REQUIREMENT
Return the lines below exactly, from the first one through the line that has "J \<Longrightarrow> coeff". Leave out everything after it.

EXERCISE MATERIALS
lemma degree_root_poly: "finite J \<Longrightarrow> degree (root_poly J) = card J"
  unfolding root_poly_def by (subst degree_prod_eq_sum_degree) auto

lemma coeff_root_poly_card: "finite J \<Longrightarrow> coeff (root_poly J) (card J) = 1"
  using lead_coeff_prod[of "\<lambda>j. [:- of_nat j, 1::complex:]" J] degree_root_poly[of J]
  unfolding root_poly_def by simp

lemma poly_root_poly_eq_0_iff: "finite J \<Longrightarrow> poly (root_poly J) (of_nat j) = 0 \<longleftrightarrow> j \<in> J"
  unfolding root_poly_def by (auto simp: poly_prod prod_zero_iff)

lemma sum_moment_form_coeff:
  assumes "degree q \<le> n"
  shows "(\<Sum>i\<le>n. moment_form j i * coeff q i) = poly q (of_nat j)"
proof -
  have "(\<Sum>i\<le>n. moment_form j i * coeff q i) = (\<Sum>i\<le>n. coeff q i * of_nat j ^ i)"
    by (simp add: moment_form_def mult.commute)
  also have "\<dots> = (\<Sum>i\<le>degree q. coeff q i * of_nat j ^ i)"
    by (rule sum.mono_neutral_right) (use assms in \<open>auto simp: coeff_eq_0\<close>)
  also have "\<dots> = poly q (of_nat j)" by (simp add: poly_altdef)
  finally show ?thesis .
qed

lemma sum_moment_form_star_point_eq_0_iff:
  assumes "finite J" "card J \<le> n"
  shows "(\<Sum>i\<le>n. moment_form j i * star_point J i) = 0 \<longleftrightarrow> j \<in> J"
  using assms unfolding star_point_def
  by (simp add: sum_moment_form_coeff degree_root_poly poly_root_poly_eq_0_iff)

lemma star_admissible_moment_form: "star_admissible n r moment_form"
  unfolding star_admissible_def
proof (intro allI impI ballI)
  fix J c j0
  assume J: "J \<subseteq> {1..r} \<and> card J = n + 1"
    and dependence: "\<forall>i\<le>n. (\<Sum>j\<in>J. c j * moment_form j i) = 0" and "j0 \<in> J"
  have "finite J" using J finite_subset by blast
  define q where "q = root_poly (J - {j0})"
  have "degree q = n"
    unfolding q_def using \<open>finite J\<close> J \<open>j0 \<in> J\<close> by (simp add: degree_root_poly)
  have "0 = (\<Sum>i\<le>n. coeff q i * (\<Sum>j\<in>J. c j * moment_form j i))"
    using dependence by simp
  also have "\<dots> = (\<Sum>j\<in>J. c j * (\<Sum>i\<le>n. moment_form j i * coeff q i))"
    by (simp add: sum_distrib_left sum_distrib_right mult_ac sum.swap[of _ "{..n}"])
  also have "\<dots> = (\<Sum>j\<in>J. c j * poly q (of_nat j))"
    using \<open>degree q = n\<close> by (simp add: sum_moment_form_coeff)
  also have "\<dots> = c j0 * poly q (of_nat j0)"
    using \<open>finite J\<close> \<open>j0 \<in> J\<close>
    by (subst sum.remove) (auto simp: q_def poly_root_poly_eq_0_iff intro!: sum.neutral)
  finally have "c j0 * poly q (of_nat j0) = 0" by simp
  moreover have "poly q (of_nat j0) \<noteq> 0"
    unfolding q_def using \<open>finite J\<close> by (simp add: poly_root_poly_eq_0_iff)
  ultimately show "c j0 = 0" by simp
qed

lemma scaled_star_point_in_star_config:
  assumes "J \<subseteq> {1..r}" "card J = n" "c \<noteq> 0"
  shows "(\<lambda>i. c * star_point J i) \<in> star_config n r moment_form"
proof -
  have "finite J" using assms(1) finite_subset by blast
  then have "c * star_point J n \<noteq> 0"
    using assms coeff_root_poly_card[OF \<open>finite J\<close>] by (simp add: star_point_def)
  moreover have "(\<Sum>i\<le>n. moment_form j i * (c * star_point J i)) = 0" if "j \<in> J" for j
  proof -
    have "(\<Sum>i\<le>n. moment_form j i * (c * star_point J i)) =
        c * (\<Sum>i\<le>n. moment_form j i * star_point J i)"
      by (simp add: sum_distrib_left mult_ac)
    then show ?thesis
      using sum_moment_form_star_point_eq_0_iff[OF \<open>finite J\<close>] assms(2) that by simp
  qed
  ultimately show ?thesis
    unfolding star_config_def using assms(1,2) by blast
qed

lemma form_vanishing_on_star_points_eq_0:
  assumes vanish: "\<And>J. J \<subseteq> {1..k+n} \<Longrightarrow> card J = n \<Longrightarrow> form_eval n k c (star_point J) = 0"
    and "\<beta> \<in> monomials n k"
  shows "c \<beta> = 0"
proof -
  define A where "A = {1..k+n}"
  define Js where "Js = {J. J \<subseteq> A \<and> card J = n}"
  have J_facts: "finite J" "J \<subseteq> A" "card J = n" "card (A - J) = k" if "J \<in> Js" for J
    using that finite_subset[of J A] card_Diff_subset[of J A] by (auto simp: Js_def A_def)
  have "\<exists>g. \<forall>v. (\<Prod>j\<in>A - J. \<Sum>i\<le>n. moment_form j i * v i) = form_eval n k g v"
    if "J \<in> Js" for J
    using prod_linear_forms_eq_form_eval[where A = "A - J" and a = moment_form] J_facts[OF that]
    by (simp add: A_def)
  then obtain g where g: "\<And>J v. J \<in> Js \<Longrightarrow>
      (\<Prod>j\<in>A - J. \<Sum>i\<le>n. moment_form j i * v i) = form_eval n k (g J) v"
    by metis
  have dual: "(\<Sum>\<beta>\<in>monomials n k. g J \<beta> * mon_eval \<beta> (star_point J')) = 0 \<longleftrightarrow> J \<noteq> J'"
    if "J \<in> Js" "J' \<in> Js" for J J'
  proof -
    have "(\<Sum>\<beta>\<in>monomials n k. g J \<beta> * mon_eval \<beta> (star_point J')) =
        (\<Prod>j\<in>A - J. \<Sum>i\<le>n. moment_form j i * star_point J' i)"
      using g[OF that(1)] by (simp add: form_eval_def)
    moreover have "(\<Prod>j\<in>A - J. \<Sum>i\<le>n. moment_form j i * star_point J' i) = 0 \<longleftrightarrow> \<not> J' \<subseteq> J"
      using J_facts[OF that(2)] sum_moment_form_star_point_eq_0_iff[of J' n]
      by (auto simp: prod_zero_iff A_def)
    moreover have "J' \<subseteq> J \<longleftrightarrow> J = J'"
      using J_facts[OF that(1)] J_facts[OF that(2)] card_subset_eq[of J J'] by auto
    ultimately show ?thesis by simp
  qed
  have "card Js = card (monomials n k)"
    unfolding Js_def A_def card_monomials by (simp add: n_subsets)
  then show ?thesis
    using coefficients_eq_0_if_dual_family[of Js "monomials n k" g "\<lambda>J \<beta>. mon_eval \<beta> (star_point J)"]
      dual vanish assms(2)
    by (auto simp: Js_def A_def form_eval_def)
qed

lemma lookup_ideal_of_star_config_eq_0:
  assumes D: "D \<in> ideal_of n (star_config n r moment_form)" and "mon_deg \<beta> + n \<le> r"
  shows "Poly_Mapping.lookup D \<beta> = 0"
proof (cases "\<beta> \<in> Poly_Mapping.keys D")
  case True
  have "in_vars n D" using D by (simp add: ideal_of_def)
  then have "\<beta> \<in> monomials n (mon_deg \<beta>)"
    using True by (simp add: in_vars_def monomials_def)
  moreover have "form_eval n (mon_deg \<beta>) (Poly_Mapping.lookup D) (star_point J) = 0"
    if "J \<subseteq> {1..mon_deg \<beta> + n}" "card J = n" for J
  proof (rule form_eval_eq_0_if_vanishes_on_line[OF \<open>in_vars n D\<close>])
    fix c :: complex assume "c \<noteq> 0"
    then have "(\<lambda>i. c * star_point J i) \<in> star_config n r moment_form"
      using that assms(2) by (intro scaled_star_point_in_star_config) auto
    then show "mpeval D (\<lambda>i. c * star_point J i) = 0"
      using D by (simp add: ideal_of_def)
  qed
  ultimately show ?thesis by (rule form_vanishing_on_star_points_eq_0[rotated])
qed (simp add: in_keys_iff)

lemma apolar_if_ideal_has_no_low_degree_terms:
  assumes F: "is_form n d F"
    and no_low: "\<And>D \<beta>. D \<in> ideal_of n X \<Longrightarrow> mon_deg \<beta> \<le> d \<Longrightarrow> Poly_Mapping.lookup D \<beta> = 0"
  shows "apolar n F X"
  unfolding apolar_def
proof
  fix D assume D: "D \<in> ideal_of n X"
  have "Poly_Mapping.lookup D \<beta> * Poly_Mapping.lookup F (\<beta> + \<gamma>) = 0" for \<beta> \<gamma>
  proof (cases "\<beta> + \<gamma> \<in> Poly_Mapping.keys F")
    case True
    then have "mon_deg \<beta> \<le> d"
      using F mon_deg_add[of \<beta> \<gamma>] by (auto simp: is_form_def)
    then show ?thesis using no_low[OF D] by simp
  qed (simp add: in_keys_iff)
  then have "diff_act D F \<gamma> = 0" for \<gamma>
    unfolding diff_act_def by (simp add: sum.neutral)
  then show "D \<in> perp n F"
    using D by (simp add: perp_def ideal_of_def)
qed

lemma holds_generally_if_all_forms:
  assumes "\<And>F. is_form n d F \<Longrightarrow> P F"
  shows "holds_generally n d P"
  unfolding holds_generally_def
  by (rule exI[of _ "Poly_Mapping.single 0 1"]) (simp add: assms)

theorem lemma3p1:
  fixes d n r :: nat
  assumes "d \<ge> 1" and "n \<ge> 1" and "r \<ge> d + n"
  shows "holds_generally n d
           (\<lambda>F. \<exists>l. star_admissible n r l \<and> apolar n F (star_config n r l))"
proof (rule holds_generally_if_all_forms)
  fix F assume "is_form n d F"
  then have "apolar n F (star_config n r moment_form)"
    using assms(3)
    by (intro apolar_if_ideal_has_no_low_degree_terms lookup_ideal_of_star_config_eq_0) auto
  then show "\<exists>l. star_admissible n r l \<and> apolar n F (star_config n r l)"
    using star_admissible_moment_form by blast
qed

end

TASK RESPONSE
lemma degree_root_poly: "finite J \<Longrightarrow> degree (root_poly J) = card J"
  unfolding root_poly_def by (subst degree_prod_eq_sum_degree) auto

lemma coeff_root_poly_card: "finite J \<Longrightarrow> coeff (root_poly J) (card J) = 1"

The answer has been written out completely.